Wondering if someone can provide me with some guidance.
I have previously sequenced 4 skin cancers using 10X chemistries and I would like to combine them into one dataset. My research question is to look at cancer stem cell populations, so I will need sensitivity.
I have done a load of reading and I am still confused as to what the correct method is.
CellRanger Aggregate causes a massive downsampling in 2 out of 4 samples. I believe this is becuase the number of cells in each sample varies (~600 - ~2500 cells). If I proceed with the aggregated dataset, I will be losing too much sequencing depth which will hinder my search for the cancer stem cells. Another option is to use CellRanger Aggr's 'normalize=none' argument, which does not normalize the average read depth per cell between samples before merging.

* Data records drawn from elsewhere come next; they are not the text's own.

lemma span_edges_irreflexive: "graph V E \<Longrightarrow> \<not> span_edges E Th s s"
  using span_edges_imp_edge[of V E Th s s] unfolding graph_def by blast

lemma span_edges_in_span_verts:
  assumes "span_edges E Th s t" shows "s \<in> span_verts E Th"
proof -
  obtain a b xs i where path: "a \<in> Th" "b \<in> Th" "is_path E a b xs" and "Suc i < length xs"
      and "s = xs ! i \<or> s = xs ! Suc i"
    using assms unfolding span_edges_def by blast
  then have "s \<in> set xs" by auto
  with path show ?thesis by (rule span_verts_intro)
qed

lemma span_verts_reachable:
  assumes "z \<in> span_verts E Th"
  obtains a where "a \<in> Th" "(span_edges E Th)\<^sup>*\<^sup>* a z"
proof -
  obtain a b xs where path: "a \<in> Th" "b \<in> Th" "is_path E a b xs" "z \<in> set xs"
    using assms unfolding span_verts_def by blast
  then obtain k where k: "k < length xs" "z = xs ! k" by (metis in_set_conv_nth)
  have "(span_edges E Th)\<^sup>*\<^sup>* (xs ! 0) (xs ! k)"
    by (rule rtranclp_chain) (use path k in \<open>auto intro: path_edge_in_span_edges\<close>)
  moreover have "xs ! 0 = a" using path(3) unfolding is_path_def by (metis hd_conv_nth)
  ultimately show ?thesis using that path(1) k(2) by blast
qed
(* Let $M$ be a matroid on $S$ and $N$ a matroid on $T$ with $S\cap T=\emptyset$, and let $L=M\mathbin{\Box} N$. Then for all $A\subseteq S\cup T$, $$\rho_L(A)=\rho_M(A\cap S)+\rho_N(A\cap T)+\min\{\lambda_M(A\cap S),\ \nu_N(A\cap T)\}.$$
   Context: For a matroid $M$ on $S$ write $\rho_M$ for rank, $\rho(M)=\rho_M(S)$, $\nu_M(A)=|A|-\rho_M(A)$ (nullity), $\lambda_M(A)=\rho(M)-\rho_M(A)$ (rank-lack). For matroids $M$ on $S$ and $N$ on $T$ with $S\cap T=\emptyset$, the free product $M\mathbin{\Box} N$ is the matroid on $S\cup T$ whose independent sets are those $A$ with $A\cap S$ independent in $M$ and $\lambda_M(A\cap S)\geq\nu_N(A\cap T)$. *)

theory Defs
  imports Main
begin

definition matroid :: "'a set \<Rightarrow> ('a set \<Rightarrow> bool) \<Rightarrow> bool" where
  "matroid E indep \<longleftrightarrow>
     finite E \<and> indep {} \<and>
     (\<forall>X. indep X \<longrightarrow> X \<subseteq> E) \<and>
     (\<forall>X Y. indep Y \<and> X \<subseteq> Y \<longrightarrow> indep X) \<and>
     (\<forall>X Y. indep X \<and> indep Y \<and> card X < card Y \<longrightarrow> (\<exists>y\<in>Y - X. indep (insert y X)))"

definition rank :: "('a set \<Rightarrow> bool) \<Rightarrow> 'a set \<Rightarrow> nat" where
  "rank indep A = Max (card ` {X. X \<subseteq> A \<and> indep X})"

definition nullity :: "('a set \<Rightarrow> bool) \<Rightarrow> 'a set \<Rightarrow> nat" where
  "nullity indep A = card A - rank indep A"

definition ranklack :: "'a set \<Rightarrow> ('a set \<Rightarrow> bool) \<Rightarrow> 'a set \<Rightarrow> nat" where
  "ranklack E indep A = rank indep E - rank indep A"

definition free_product_indep ::
  "'a set \<Rightarrow> ('a set \<Rightarrow> bool) \<Rightarrow> 'a set \<Rightarrow> ('a set \<Rightarrow> bool) \<Rightarrow> 'a set \<Rightarrow> bool" where
  "free_product_indep S indM T indN A \<longleftrightarrow>
     A \<subseteq> S \<union> T \<and> indM (A \<inter> S) \<and>
     ranklack S indM (A \<inter> S) \<ge> nullity indN (A \<inter> T)"

end

theory Submission
  imports Defs
begin

text \<open>
  An independent set X of the free product consists of an M-independent part X \<inter> S together
  with an arbitrary part X \<inter> T whose N-nullity is paid for by the rank that X \<inter> S leaves
  unused in M. Since nullity is monotone, an independent X \<subseteq> A therefore has at most
  rank_M(A \<inter> S) + rank_N(A \<inter> T) + min(\<lambda>_M(A \<inter> S), \<nu>_N(A \<inter> T)) elements.
  Conversely, a basis of A \<inter> S, a basis of A \<inter> T and that minimum number of further
  elements of A \<inter> T form an independent set of exactly this size.
\<close>

lemma card_le_rank:
  assumes "finite A" "X \<subseteq> A" "ind X"
  shows "card X \<le> rank ind A"
  unfolding rank_def using assms by (intro Max_ge) auto

lemma rank_attained:
  assumes "finite A" "ind {}"
  obtains X where "X \<subseteq> A" "ind X" "card X = rank ind A"
proof -
  have "rank ind A \<in> card ` {X. X \<subseteq> A \<and> ind X}"
    unfolding rank_def using assms by (intro Max_in) auto
  then show ?thesis using that by auto
qed

lemma rank_le_card:
  assumes "finite A" "ind {}"
  shows "rank ind A \<le> card A"
proof -
  obtain X where "X \<subseteq> A" "card X = rank ind A"
    using rank_attained assms by metis
  then show ?thesis using assms(1) card_mono by metis
qed

lemma rank_indep:
  assumes "finite X" "ind X" "ind {}"
  shows "rank ind X = card X"
  using card_le_rank[of X X ind] rank_le_card[of X ind] assms by simp

lemma rank_mono:
  assumes "finite Z" "Y \<subseteq> Z" "ind {}"
  shows "rank ind Y \<le> rank ind Z"
proof -
  obtain X where "X \<subseteq> Y" "ind X" "card X = rank ind Y"
    using rank_attained[of Y ind] assms finite_subset by metis
  then show ?thesis using card_le_rank[of Z X ind] assms by auto
qed

lemma rank_le_rank_add_card_Diff:
  assumes "ind {}" "\<And>X Y. ind Y \<Longrightarrow> X \<subseteq> Y \<Longrightarrow> ind X" "finite Z" "Y \<subseteq> Z"
  shows "rank ind Z \<le> rank ind Y + card (Z - Y)"
proof -
  obtain B where B: "B \<subseteq> Z" "ind B" "card B = rank ind Z"
    using rank_attained[of Z ind] assms by metis
  have "finite Y" using assms finite_subset by metis
  then have "card (B \<inter> Y) \<le> rank ind Y"
    using card_le_rank[of Y "B \<inter> Y" ind] assms(2) B(2) by blast
  moreover have "card B \<le> card (B \<inter> Y) + card (Z - Y)"
  proof -
    have "card B \<le> card ((B \<inter> Y) \<union> (Z - Y))"
      using B(1) assms(3) \<open>finite Y\<close> by (intro card_mono) auto
    also have "\<dots> \<le> card (B \<inter> Y) + card (Z - Y)" by (rule card_Un_le)
    finally show ?thesis .
  qed
  ultimately show ?thesis using B(3) by linarith
qed

lemma nullity_mono:
  assumes "ind {}" "\<And>X Y. ind Y \<Longrightarrow> X \<subseteq> Y \<Longrightarrow> ind X" "finite Z" "Y \<subseteq> Z"
  shows "nullity ind Y \<le> nullity ind Z"
proof -
  have "card Z = card Y + card (Z - Y)"
    using assms(3,4) by (metis card_Diff_subset card_mono finite_subset le_add_diff_inverse)
  moreover have "rank ind Y \<le> card Y"
    using rank_le_card assms finite_subset by metis
  moreover have "rank ind Z \<le> rank ind Y + card (Z - Y)"
    by (rule rank_le_rank_add_card_Diff) (use assms in blast)+
  ultimately show ?thesis unfolding nullity_def by linarith
qed

lemma rank_eq_card_of_basis:
  assumes "finite Z" "J \<subseteq> Y" "Y \<subseteq> Z" "ind J" "card J = rank ind Z" "ind {}"
  shows "rank ind Y = card J"
  using card_le_rank[of Y J ind] rank_mono[of Z Y ind] assms finite_subset
  by (metis le_antisym)

lemma free_product_indep_empty:
  assumes "matroid S indM"
  shows "free_product_indep S indM T indN {}"
  using assms unfolding matroid_def free_product_indep_def nullity_def by simp

lemma card_free_product_indep_le:
  assumes M: "matroid S indM" and N: "matroid T indN" and "S \<inter> T = {}"
    and "X \<subseteq> A" and X: "free_product_indep S indM T indN X"
  shows "card X \<le> rank indM (A \<inter> S) + rank indN (A \<inter> T)
                    + min (ranklack S indM (A \<inter> S)) (nullity indN (A \<inter> T))"
proof -
  have "finite S" "indM {}" and "finite T" "indN {}"
    and downN: "\<And>X Y. indN Y \<Longrightarrow> X \<subseteq> Y \<Longrightarrow> indN X"
    using M N unfolding matroid_def by blast+
  have "X \<subseteq> S \<union> T" and indXS: "indM (X \<inter> S)"
    and null_le_lack: "nullity indN (X \<inter> T) \<le> ranklack S indM (X \<inter> S)"
    using X unfolding free_product_indep_def by blast+
  have "finite X" using \<open>X \<subseteq> S \<union> T\<close> \<open>finite S\<close> \<open>finite T\<close> finite_subset by blast
  have "X = (X \<inter> S) \<union> (X \<inter> T)" using \<open>X \<subseteq> S \<union> T\<close> by blast
  then have "card X = card (X \<inter> S) + card (X \<inter> T)"
    using \<open>finite X\<close> \<open>S \<inter> T = {}\<close> card_Un_disjoint[of "X \<inter> S" "X \<inter> T"] by auto
  moreover have "card (X \<inter> S) \<le> rank indM (A \<inter> S)"
    using card_le_rank[of "A \<inter> S" "X \<inter> S" indM] \<open>finite S\<close> \<open>X \<subseteq> A\<close> indXS by blast
  moreover have "rank indM (A \<inter> S) \<le> rank indM S"
    using rank_mono[of S "A \<inter> S" indM] \<open>finite S\<close> \<open>indM {}\<close> by blast
  moreover have "rank indM (X \<inter> S) = card (X \<inter> S)"
    using rank_indep[of "X \<inter> S" indM] \<open>finite X\<close> indXS \<open>indM {}\<close> by blast
  moreover have "finite (A \<inter> T)" "X \<inter> T \<subseteq> A \<inter> T"
    using \<open>finite T\<close> \<open>X \<subseteq> A\<close> by auto
  then have "rank indN (X \<inter> T) \<le> rank indN (A \<inter> T)"
    and "nullity indN (X \<inter> T) \<le> nullity indN (A \<inter> T)"
    using rank_mono[of "A \<inter> T" "X \<inter> T" indN] nullity_mono[of indN "A \<inter> T" "X \<inter> T"]
      \<open>indN {}\<close> downN by blast+
  moreover have "rank indN (X \<inter> T) \<le> card (X \<inter> T)"
    using rank_le_card[of "X \<inter> T" indN] \<open>finite X\<close> \<open>indN {}\<close> by blast
  ultimately show ?thesis
    using null_le_lack unfolding nullity_def ranklack_def by linarith
qed

lemma free_product_indep_attains:
  assumes M: "matroid S indM" and N: "matroid T indN" and "S \<inter> T = {}"
  obtains X where "X \<subseteq> A" "free_product_indep S indM T indN X"
    "card X = rank indM (A \<inter> S) + rank indN (A \<inter> T)
              + min (ranklack S indM (A \<inter> S)) (nullity indN (A \<inter> T))"
proof -
  have "finite S" "indM {}" and "finite T" "indN {}"
    using M N unfolding matroid_def by blast+
  define k where "k = min (ranklack S indM (A \<inter> S)) (nullity indN (A \<inter> T))"
  obtain I where I: "I \<subseteq> A \<inter> S" "indM I" "card I = rank indM (A \<inter> S)"
    using rank_attained[of "A \<inter> S" indM] \<open>finite S\<close> \<open>indM {}\<close> by blast
  obtain J where J: "J \<subseteq> A \<inter> T" "indN J" "card J = rank indN (A \<inter> T)"
    using rank_attained[of "A \<inter> T" indN] \<open>finite T\<close> \<open>indN {}\<close> by blast
  have "finite J" using J(1) \<open>finite T\<close> finite_subset by blast
  then have "card (A \<inter> T - J) = nullity indN (A \<inter> T)"
    using J unfolding nullity_def by (simp add: card_Diff_subset)
  then obtain K where K: "K \<subseteq> A \<inter> T - J" "card K = k"
    unfolding k_def by (metis min.cobounded2 obtain_subset_with_card_n)
  have "finite I" "finite K"
    using I(1) K(1) \<open>finite S\<close> \<open>finite T\<close> finite_subset by blast+
  define X where "X = I \<union> (J \<union> K)"
  have XS: "X \<inter> S = I" and XT: "X \<inter> T = J \<union> K"
    using I(1) J(1) K(1) \<open>S \<inter> T = {}\<close> unfolding X_def by auto
  have "card (J \<union> K) = card J + k"
    using K \<open>finite J\<close> \<open>finite K\<close> card_Un_disjoint[of J K] by auto
  moreover have "rank indN (J \<union> K) = card J"
    using rank_eq_card_of_basis[of "A \<inter> T" "J" "J \<union> K" indN] J K \<open>finite T\<close> \<open>indN {}\<close>
    by auto
  ultimately have "nullity indN (X \<inter> T) = k"
    unfolding XT nullity_def by simp
  moreover have "ranklack S indM (X \<inter> S) = ranklack S indM (A \<inter> S)"
    using rank_indep[of I indM] \<open>finite I\<close> I \<open>indM {}\<close> unfolding XS ranklack_def by simp
  moreover have "X \<subseteq> S \<union> T" using I(1) J(1) K(1) unfolding X_def by auto
  ultimately have "free_product_indep S indM T indN X"
    unfolding free_product_indep_def using I(2) XS by (simp add: k_def)
  moreover have "X \<subseteq> A" using I(1) J(1) K(1) unfolding X_def by auto
  moreover have "card X = card I + card J + k"
    using \<open>card (J \<union> K) = card J + k\<close> XS XT \<open>finite I\<close> \<open>finite J\<close> \<open>finite K\<close>
      \<open>S \<inter> T = {}\<close> I(1) J(1) K(1)
    unfolding X_def by (subst card_Un_disjoint) auto
  ultimately show ?thesis using that I(3) J(3) unfolding k_def by metis
qed

theorem proposition3p4:
  fixes S T :: "'a set" and indM indN :: "'a set \<Rightarrow> bool" and A :: "'a set"
  assumes "matroid S indM" and "matroid T indN" and "S \<inter> T = {}"
    and "A \<subseteq> S \<union> T"
  shows "rank (free_product_indep S indM T indN) A =
           rank indM (A \<inter> S) + rank indN (A \<inter> T)
           + min (ranklack S indM (A \<inter> S)) (nullity indN (A \<inter> T))"
    (is "rank ?L A = ?r")
proof (rule antisym)
  have "finite A"
    using assms(1,2,4) unfolding matroid_def by (meson finite_Un finite_subset)
  then obtain X where "X \<subseteq> A" "?L X" "card X = rank ?L A"
    using rank_attained[of A ?L] free_product_indep_empty[OF assms(1)] by blast
  then show "rank ?L A \<le> ?r"
    using card_free_product_indep_le[OF assms(1-3)] by metis
  obtain Y where "Y \<subseteq> A" "?L Y" "card Y = ?r"
    using free_product_indep_attains[OF assms(1-3)] by blast
  then show "?r \<le> rank ?L A"
    using card_le_rank[of A Y ?L] \<open>finite A\<close> by simp
qed

end
text \<open>Induction
  on the number of terms: to remove \<open>c\<^sub>1 \<noteq> c\<^sub>0\<close>, choose a coordinate i where the
  exponents differ and apply a power of \<open>E\<^sub>i - \<mu>\<^sub>c\<^sub>1\<^sub>,\<^sub>i\<close>, which kills the \<open>c\<^sub>1\<close> term and
  is injective on the \<open>c\<^sub>0\<close> term.\<close>
lemma exp_independent:
  fixes g :: "'c \<Rightarrow> ('n::finite, 'a::field) signal"
  assumes "finite I" "\<forall>c\<in>I. g c \<in> nilpotent_signals" "\<forall>c\<in>I. \<forall>j. \<mu> c j \<noteq> 0" "inj_on \<mu> I"
    "\<forall>x. (\<Sum>c\<in>I. expfun (\<mu> c) x * g c x) = 0" "c0 \<in> I"
  shows "g c0 = (\<lambda>x. 0)"
  using assms
proof (induction "card I" arbitrary: I g c0 rule: less_induct)
  case less
  show ?case
  proof (cases "I = {c0}")
    case True
    have "expfun (\<mu> c0) x * g c0 x = 0" for x using less.prems(5) True by simp
    moreover have "expfun (\<mu> c0) x \<noteq> 0" for x using expfun_nonzero less.prems(3,6) by blast
    ultimately show ?thesis by (simp add: fun_eq_iff)
  next
    case False
    then obtain c1 where c1: "c1 \<in> I" "c1 \<noteq> c0" using less.prems(6) by blast
    have "\<mu> c0 \<noteq> \<mu> c1" using less.prems(4,6) c1 by (metis inj_on_eq_iff)
    then obtain i where i: "\<mu> c0 i \<noteq> \<mu> c1 i" by blast
    obtain N where N: "(diff_op i ^^ N) (g c1) = (\<lambda>x. 0)"
      using less.prems(2) c1 unfolding nilpotent_signals_def by blast
    define g' where "g' c = (twisted_diff (\<mu> c i) (\<mu> c1 i) i ^^ N) (g c)" for c
    have "(twisted_diff 1 (\<mu> c1 i) i ^^ N) (\<lambda>x. \<Sum>c\<in>I. expfun (\<mu> c) x * g c x)
          = (twisted_diff 1 (\<mu> c1 i) i ^^ N) (\<lambda>x. 0)"
      using less.prems(5) by simp
    hence transformed: "\<forall>x. (\<Sum>c\<in>I. expfun (\<mu> c) x * g' c x) = 0"
      unfolding twisted_diff_sum twisted_diff_exp twisted_diff_pow_zero g'_def by (simp add: fun_eq_iff)
    have "g' c1 = (\<lambda>x. 0)"
      unfolding g'_def twisted_diff_same N by simp
    hence "\<forall>x. (\<Sum>c\<in>I - {c1}. expfun (\<mu> c) x * g' c x) = 0"
      using transformed sum.remove[OF less.prems(1) c1(1), of "\<lambda>c. expfun (\<mu> c) _ * g' c _"] by simp
    hence "g' c0 = (\<lambda>x. 0)"
      using less.prems c1 card_Diff1_less[OF less.prems(1) c1(1)]
      by (intro less.hyps[of "I - {c1}" g' c0])
         (auto simp: g'_def nilpotent_twisted_diff intro: inj_on_subset)
    thus ?thesis
      using twisted_diff_pow_inj[where g="g c0"] less.prems(2,3,6) i unfolding g'_def by blast
  qed
qed
(* Let $(P,\leq,{}',R,0,1)$ be a conditionally operator residuated poset satisfying operator divisibility, and assume $R(x,y)=LU(x',y)$ for all $x,y\in P$. Then $(P,\leq,{}',0,1)$ is a generalized orthomodular poset.
   Context: For a poset $(P,\leq)$ and $A\subseteq P$: $L(A):=\{x\in P\mid x\leq a\text{ for all }a\in A\}$, $U(A):=\{x\in P\mid a\leq x\text{ for all }a\in A\}$; $L(a,b)$ means $L(\{a,b\})$, $L(a,B)$ means $L(\{a\}\cup B)$, $LU(A)=L(U(A))$. An orthoposet is a bounded poset $(P,\leq,{}',0,1)$ with a unary operation $'$ that is an antitone involution ($x''=x$, and $x\leq y\Rightarrow y'\leq x'$) and a complementation ($L(x,x')=\{0\}$, $U(x,x')=\{1\}$). A generalized orthomodular poset is an orthoposet satisfying: for all $x,y$, $x\leq y$ implies $U(y)=U(x,L(x',y))$. A conditionally operator residuated poset is a tuple $(P,\leq,{}',R,0,1)$ where $(P,\leq,0,1)$ is a bounded poset, $'$ is an antitone unary operation ($x\leq y\Rightarrow y'\leq x'$), and $R:P^2\to 2^P$ satisfies for all $x,y,z\in P$: (i) if $x'\leq y$ then $L(x,y)\subseteq L(z)$ implies $L(x)\subseteq R(y,z)$; (ii) if $z\leq y$ then $L(x)\subseteq R(y,z)$ implies $L(x,y)\subseteq L(z)$; (iii) $R(x,0)=L(x')$; (iv) $R(x'',x)=P$. It satisfies operator divisibility if $x\leq y$ implies $L(y,U(R(y,x)))=L(x)$. *)

theory Defs
  imports Main
begin

text \<open>The poset P is the whole carrier of a type of classes order_bot and order_top
  (order \<le>, least element bot = 0, greatest element top = 1).\<close>

definition Lset :: "'a::order set \<Rightarrow> 'a set" where
  "Lset A = {x. \<forall>a\<in>A. x \<le> a}"

definition Uset :: "'a::order set \<Rightarrow> 'a set" where
  "Uset A = {x. \<forall>a\<in>A. a \<le> x}"

definition antitone_op :: "('a::order \<Rightarrow> 'a) \<Rightarrow> bool" where
  "antitone_op c \<longleftrightarrow> (\<forall>x y. x \<le> y \<longrightarrow> c y \<le> c x)"

definition orthoposet :: "('a::{order_bot,order_top} \<Rightarrow> 'a) \<Rightarrow> bool" where
  "orthoposet c \<longleftrightarrow> antitone_op c \<and> (\<forall>x. c (c x) = x)
     \<and> (\<forall>x. Lset {x, c x} = {bot}) \<and> (\<forall>x. Uset {x, c x} = {top})"

definition generalized_orthomodular :: "('a::{order_bot,order_top} \<Rightarrow> 'a) \<Rightarrow> bool" where
  "generalized_orthomodular c \<longleftrightarrow> orthoposet c \<and>
     (\<forall>x y. x \<le> y \<longrightarrow> Uset {y} = Uset ({x} \<union> Lset {c x, y}))"

definition cond_op_residuated ::
  "('a::{order_bot,order_top} \<Rightarrow> 'a) \<Rightarrow> ('a \<Rightarrow> 'a \<Rightarrow> 'a set) \<Rightarrow> bool" where
  "cond_op_residuated c R \<longleftrightarrow> antitone_op c \<and>
     (\<forall>x y z. c x \<le> y \<longrightarrow> Lset {x, y} \<subseteq> Lset {z} \<longrightarrow> Lset {x} \<subseteq> R y z) \<and>
     (\<forall>x y z. z \<le> y \<longrightarrow> Lset {x} \<subseteq> R y z \<longrightarrow> Lset {x, y} \<subseteq> Lset {z}) \<and>
     (\<forall>x. R x bot = Lset {c x}) \<and>
     (\<forall>x. R (c (c x)) x = UNIV)"

definition operator_divisibility ::
  "('a::{order_bot,order_top} \<Rightarrow> 'a) \<Rightarrow> ('a \<Rightarrow> 'a \<Rightarrow> 'a set) \<Rightarrow> bool" where
  "operator_divisibility c R \<longleftrightarrow>
     (\<forall>x y. x \<le> y \<longrightarrow> Lset ({y} \<union> Uset (R y x)) = Lset {x})"

end

theory Submission
  imports Defs
begin

text \<open>Axioms (ii) and (iii) give L(x, x') = 0, and then (i) and (iii) give x \<le> x''.
  Divisibility at x \<le> x'', where R(x'', x) = P by (iv), yields x'' \<le> x, so ' is an
  involution; with R(x, y) = LU(x', y), axiom (iv) becomes U(x, x') = 1. Finally, an
  antitone involution interchanges lower and upper cones, and under this duality the
  divisibility condition at y' \<le> x' is exactly the generalized orthomodular law at x \<le> y.\<close>

lemma Uset_Lset_Uset: "Uset (Lset (Uset A)) = Uset A"
  unfolding Lset_def Uset_def by auto

lemma Uset_UNIV: "Uset (UNIV :: 'a::order_top set) = {top}"
  unfolding Uset_def by (auto simp: top_le)

lemma Uset_eq_top_if_Lset_Uset_eq_UNIV:
  assumes "Lset (Uset A) = (UNIV :: 'a::order_top set)"
  shows "Uset A = {top}"
proof -
  have "top \<in> Lset (Uset A)" using assms by simp
  then show ?thesis unfolding Lset_def Uset_def by (auto simp: top_unique)
qed

lemma antitone_involution_image_Lset:
  assumes "antitone_op c" and "\<And>x. c (c x) = x"
  shows "c ` Lset A = Uset (c ` A)"
proof (intro set_eqI iffI)
  fix z assume "z \<in> c ` Lset A"
  then show "z \<in> Uset (c ` A)"
    using assms(1) unfolding Lset_def Uset_def antitone_op_def by blast
next
  fix z assume z: "z \<in> Uset (c ` A)"
  have "c z \<in> Lset A"
    unfolding Lset_def
  proof (intro CollectI ballI)
    fix a assume "a \<in> A"
    then have "c a \<le> z" using z unfolding Uset_def by blast
    then show "c z \<le> a" using assms unfolding antitone_op_def by metis
  qed
  then show "z \<in> c ` Lset A" using assms(2) by (metis image_eqI)
qed

lemma antitone_involution_image_Uset:
  assumes "antitone_op c" and "\<And>x. c (c x) = x"
  shows "c ` Uset A = Lset (c ` A)"
proof -
  have image_twice: "c ` c ` B = B" for B
    using assms(2) by (simp add: image_comp comp_def)
  have "c ` Uset A = c ` Uset (c ` c ` A)" by (simp only: image_twice)
  also have "\<dots> = c ` c ` Lset (c ` A)"
    by (simp only: antitone_involution_image_Lset[OF assms])
  also have "\<dots> = Lset (c ` A)" by (rule image_twice)
  finally show ?thesis .
qed

lemma
  assumes "cond_op_residuated c R"
  shows cond_op_residuated_antitone: "antitone_op c"
    and cond_op_residuated_residualI: "c x \<le> y \<Longrightarrow> Lset {x, y} \<subseteq> Lset {z} \<Longrightarrow> Lset {x} \<subseteq> R y z"
    and cond_op_residuated_residualD: "z \<le> y \<Longrightarrow> Lset {x} \<subseteq> R y z \<Longrightarrow> Lset {x, y} \<subseteq> Lset {z}"
    and cond_op_residuated_R_bot: "R x bot = Lset {c x}"
    and cond_op_residuated_R_double_compl: "R (c (c x)) x = UNIV"
  using assms unfolding cond_op_residuated_def by blast+

lemma operator_divisibilityD:
  "operator_divisibility c R \<Longrightarrow> x \<le> y \<Longrightarrow> Lset ({y} \<union> Uset (R y x)) = Lset {x}"
  unfolding operator_divisibility_def by blast

lemma cond_op_residuated_Lset_compl:
  assumes "cond_op_residuated c R"
  shows "Lset {x, c x} = {bot}"
proof -
  have "Lset {c x} \<subseteq> R x bot"
    using cond_op_residuated_R_bot[OF assms] by simp
  then have "Lset {c x, x} \<subseteq> Lset {bot}"
    by (rule cond_op_residuated_residualD[OF assms bot_least])
  then show ?thesis unfolding Lset_def by (auto intro: antisym)
qed

lemma cond_op_residuated_le_double_compl:
  assumes "cond_op_residuated c R"
  shows "x \<le> c (c x)"
proof -
  have "Lset {x, c x} \<subseteq> Lset {bot}"
    using cond_op_residuated_Lset_compl[OF assms] unfolding Lset_def by auto
  then have "Lset {x} \<subseteq> R (c x) bot"
    by (rule cond_op_residuated_residualI[OF assms order_refl])
  also have "\<dots> = Lset {c (c x)}"
    by (rule cond_op_residuated_R_bot[OF assms])
  finally show ?thesis unfolding Lset_def by auto
qed

lemma cond_op_residuated_double_compl:
  assumes "cond_op_residuated c R" and "operator_divisibility c R"
  shows "c (c x) = x"
proof -
  have "Lset ({c (c x)} \<union> Uset (R (c (c x)) x)) = Lset {x}"
    by (rule operator_divisibilityD[OF assms(2) cond_op_residuated_le_double_compl[OF assms(1)]])
  then have "Lset ({c (c x)} \<union> {top}) = Lset {x}"
    by (simp only: cond_op_residuated_R_double_compl[OF assms(1)] Uset_UNIV)
  then have "c (c x) \<le> x" unfolding Lset_def by auto
  then show ?thesis
    using cond_op_residuated_le_double_compl[OF assms(1)] by (rule antisym)
qed

theorem mainTheorem2:
  fixes c :: "'a::{order_bot,order_top} \<Rightarrow> 'a" and R :: "'a \<Rightarrow> 'a \<Rightarrow> 'a set"
  assumes "cond_op_residuated c R"
    and "operator_divisibility c R"
    and "\<forall>x y. R x y = Lset (Uset {c x, y})"
  shows "generalized_orthomodular c"
proof -
  have anti: "antitone_op c" using assms(1) by (rule cond_op_residuated_antitone)
  have inv: "\<And>x. c (c x) = x" using assms(1,2) by (rule cond_op_residuated_double_compl)
  have R_compl: "\<And>x y. R (c x) y = Lset (Uset {x, y})" using assms(3) inv by simp
  have "Uset {x, c x} = {top}" for x
    using cond_op_residuated_R_double_compl[OF assms(1), of x]
    by (intro Uset_eq_top_if_Lset_Uset_eq_UNIV) (simp add: R_compl insert_commute)
  moreover have "Uset {y} = Uset ({x} \<union> Lset {c x, y})" if "x \<le> y" for x y
  proof -
    have "c y \<le> c x" using anti that unfolding antitone_op_def by blast
    then have "Lset ({c x} \<union> Uset (R (c x) (c y))) = Lset {c y}"
      by (rule operator_divisibilityD[OF assms(2)])
    then have "Lset ({c x} \<union> Uset {x, c y}) = Lset {c y}"
      by (simp only: R_compl Uset_Lset_Uset)
    then have "c ` Lset ({c x} \<union> Uset {x, c y}) = c ` Lset {c y}" by simp
    then show ?thesis
      by (simp add: antitone_involution_image_Lset[OF anti inv]
          antitone_involution_image_Uset[OF anti inv] inv)
  qed
  ultimately show ?thesis
    unfolding generalized_orthomodular_def orthoposet_def
    using anti inv cond_op_residuated_Lset_compl[OF assms(1)] by blast
qed

end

From here, could I then go onto use scTransform or Seurat's 'NormalizeData' arguments? I have performed QC for each sample dataset and they all need different filtering parameters (nFeature_RNA), so the only problem with this method would be giving the combined dataset one filter, which could potentially include bad data for some of the samples.
Another option that I could do is filter and normalize each sample individually and then use Seurat's 'merge' function. However, by default, this uses the raw count matrices which will erase the normalized data matrices. There is an option to merge the normalized data matrices as well as the raw data matrices (merge.data = TRUE) but this should only be done if the same normalization approach was applied to all the objects. Does this mean the same normalization method such as 'LogNormalize' or 'CLR', or does it mean the same filters?
I am sorry if this is a disgruntled 'question', I am just looking for the best method to combine my 4 datasets without loosing too much data and then continue with downstream analyses.
Thank you so much in advance!!
Unfortunately, there is at this time no "best" method. People are still trying to figure out how best to do this.